All members of the sand boa genus Eryx give birth to live young, except the
Arabian Sand Boa, Eryx jayakari. This suggests that E. jayakari (left)
re-evolved egg-laying from a viviparous ancestor. Right the viviparous Kenyan
sand boa Eryx colubrinus. Photo credits: Rick Staub and Arkive, and
I very much dislike chicken and egg questions because it immediately sucks you into an argument with a creationist, most of whom simply don’t get it. As Wright et al. (2015) point out the answer is clear from an evolutionary standpoint. The amniote egg, existed by the time the earliest amniotes (mammals and reptiles) diverged from one another about 325 million years ago, long before the first chicken (= birds) walked the Earth. Today, the majority of living amniotes are oviparous, including all birds, crocodylians, tuataras, turtles, and monotreme mammals. However, squamates are far more diverse in their approach to giving birth or laying eggs.

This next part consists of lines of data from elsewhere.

(* Let $\mathcal{H}$ be a right quaternionic Hilbert space and $x_1,\dots,x_n,y_1,\dots,y_n\in\mathcal{H}$ unit vectors. Let $g(z)=\sum_{i=0}^\infty a_iz^{2i}$ be analytic in the open complex unit disk with $a_i\in\mathbb{R}$ and $\sum_{i=0}^\infty|a_i|=1$. Then there exist unit vectors $u_1,\dots,u_n,v_1,\dots,v_n$ in a right quaternionic Hilbert space $\mathcal{H}'$ such that $\langle x_i,y_j\rangle\,g(|\langle x_i,y_j\rangle|)=\langle u_i,v_j\rangle$ for all $i,j=1,\dots,n$.
   Context: A right quaternionic Hilbert space is a right $\mathbb{H}$-vector space with inner product satisfying $\langle y,x\rangle=\overline{\langle x,y\rangle}$, $\langle xa+yb,z\rangle=\bar a\langle x,z\rangle+\bar b\langle y,z\rangle$, $\langle z,xa+yb\rangle=\langle z,x\rangle a+\langle z,y\rangle b$, $\langle x,x\rangle>0$ for $x\ne0$. *)

theory Defs
  imports "HOL-Analysis.Analysis"
begin

datatype quat = Quat (qRe: real) (qI: real) (qJ: real) (qK: real)

definition qzero :: quat where "qzero = Quat 0 0 0 0"
definition qone :: quat where "qone = Quat 1 0 0 0"
definition qof_real :: "real \<Rightarrow> quat" where "qof_real r = Quat r 0 0 0"

definition qadd :: "quat \<Rightarrow> quat \<Rightarrow> quat" where
  "qadd p q = Quat (qRe p + qRe q) (qI p + qI q) (qJ p + qJ q) (qK p + qK q)"

definition qmul :: "quat \<Rightarrow> quat \<Rightarrow> quat" where
  "qmul p q = Quat
     (qRe p * qRe q - qI p * qI q - qJ p * qJ q - qK p * qK q)
     (qRe p * qI q + qI p * qRe q + qJ p * qK q - qK p * qJ q)
     (qRe p * qJ q - qI p * qK q + qJ p * qRe q + qK p * qI q)
     (qRe p * qK q + qI p * qJ q - qJ p * qI q + qK p * qRe q)"

definition qcnj :: "quat \<Rightarrow> quat" where
  "qcnj q = Quat (qRe q) (- qI q) (- qJ q) (- qK q)"

definition qabs :: "quat \<Rightarrow> real" where
  "qabs q = sqrt ((qRe q)\<^sup>2 + (qI q)\<^sup>2 + (qJ q)\<^sup>2 + (qK q)\<^sup>2)"

definition qpos :: "quat \<Rightarrow> bool" where
  "qpos q \<longleftrightarrow> qRe q > 0 \<and> qI q = 0 \<and> qJ q = 0 \<and> qK q = 0"

record 'v rqhs =
  vcarrier :: "'v set"
  vadd :: "'v \<Rightarrow> 'v \<Rightarrow> 'v"
  vzero :: "'v"
  vsmul :: "'v \<Rightarrow> quat \<Rightarrow> 'v"   \<comment> \<open>right scalar multiplication \<open>x a\<close>\<close>
  vinner :: "'v \<Rightarrow> 'v \<Rightarrow> quat"

definition rqhs_norm :: "'v rqhs \<Rightarrow> 'v \<Rightarrow> real" where
  "rqhs_norm H x = sqrt (qRe (vinner H x x))"

definition rqhs_diff :: "'v rqhs \<Rightarrow> 'v \<Rightarrow> 'v \<Rightarrow> 'v" where
  "rqhs_diff H x y = vadd H x (vsmul H y (qof_real (-1)))"

definition right_quat_vector_space :: "'v rqhs \<Rightarrow> bool" where
  "right_quat_vector_space H \<longleftrightarrow>
     vzero H \<in> vcarrier H \<and>
     (\<forall>x\<in>vcarrier H. \<forall>y\<in>vcarrier H. vadd H x y \<in> vcarrier H) \<and>
     (\<forall>x\<in>vcarrier H. \<forall>a. vsmul H x a \<in> vcarrier H) \<and>
     (\<forall>x\<in>vcarrier H. \<forall>y\<in>vcarrier H. \<forall>z\<in>vcarrier H.
         vadd H (vadd H x y) z = vadd H x (vadd H y z)) \<and>
     (\<forall>x\<in>vcarrier H. \<forall>y\<in>vcarrier H. vadd H x y = vadd H y x) \<and>
     (\<forall>x\<in>vcarrier H. vadd H x (vzero H) = x) \<and>
     (\<forall>x\<in>vcarrier H. \<exists>y\<in>vcarrier H. vadd H x y = vzero H) \<and>
     (\<forall>x\<in>vcarrier H. \<forall>a b. vsmul H x (qmul a b) = vsmul H (vsmul H x a) b) \<and>
     (\<forall>x\<in>vcarrier H. vsmul H x qone = x) \<and>
     (\<forall>x\<in>vcarrier H. \<forall>y\<in>vcarrier H. \<forall>a.
         vsmul H (vadd H x y) a = vadd H (vsmul H x a) (vsmul H y a)) \<and>
     (\<forall>x\<in>vcarrier H. \<forall>a b. vsmul H x (qadd a b) = vadd H (vsmul H x a) (vsmul H x b))"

Approximately 20% of squamate species are viviparous, and this complex of traits has been estimated to evolve independently over 100 times across the squamate phylogeny. Viviparous species, developing embryos are retained in the mother’s uterus for the entire duration of embryonic development. The traditional view of laying eggs or giving birth in amniotes is that the most recent common ancestor of squamates, which lived ~200 mya, was oviparous, as it inherited the same ancestral parity mode that characterizes all other reptiles.
The transition from oviparity to viviparity requires extensive modification of uterine physiology and morphology. For example, uterine shell glands in oviparous species secrete calcium during the discrete period of eggshell construction. In viviparous species, shell gland function has been modified to provide calcium to the embryo throughout gestation. True “ovoviviparity” does not exist in squamates, as all examined viviparous squamates have some form of placenta composed of both maternal and embryonic tissue.
The uterine structure of oviparous species is, therefore, modified into the maternal half of the placenta in viviparous species. The embryonic portion of the placenta is composed from the same extra-embryonic membranes that are present in all amniote eggs. Most squamate placentae are relatively simple structures used primarily for gas exchange and water transport, but a more elaborate placenta that facilitates significant nutrient exchange has evolved at least six times in squamates. Underlying the evolutionary transition to viviparity and a placenta are significant changes in gene expression of hundreds of genes.
In a new paper Wright et al. (2015) re-evaluate support for the provocative idea that the first squamates were viviparous. They test the sensitivity of the analysis to model assumptions and estimates of squamate phylogeny. They found that the models and methods used for parity mode reconstruction are highly sensitive to the specific estimate of phylogeny used, and that the point estimate of phylogeny used to suggest that viviparity is the root state of the squamate tree is far from an optimal phylogenetic solution.
The ancestral state reconstructions are also highly sensitive to model choice and specific values of model parameters. A method that is designed to account for biases in taxon sampling actually accentuates, rather than lessens, those biases with respect to ancestral state reconstructions. In contrast to recent conclusions from the same data set, Wright et al. (2015) found that ancestral state reconstruction analyses provide highly equivocal support for the number and direction of transitions between oviparity and viviparity in squamates. Moreover, the reconstructions of the ancestral parity state are highly dependent on the assumptions of each model. The authors conclude that the common ancestor of squamates was oviparous, and subsequent evolutionary transitions to viviparity were common, but reversals to oviparity were rare. The three putative reversals to oviparity with the strongest phylogenetic support occurred in the snakes Eryx jayakari and Lachesis, and the lizard, Liolaemus calchaqui. The authors emphasize that because the conclusions of ancestral state reconstruction studies are often highly sensitive to the methods and assumptions of analysis, researchers should carefully consider this sensitivity when evaluating alternative hypotheses of character-state evolution.
Wright AM, Lyons KM, Brandley MC, Hillis DM. 2015. Which came first: the lizard or the egg? Robustness in phylogenetic reconstruction of ancestral states. Journal of Experimental Zoology(Mol. Dev. Evol.) 324B:504–516.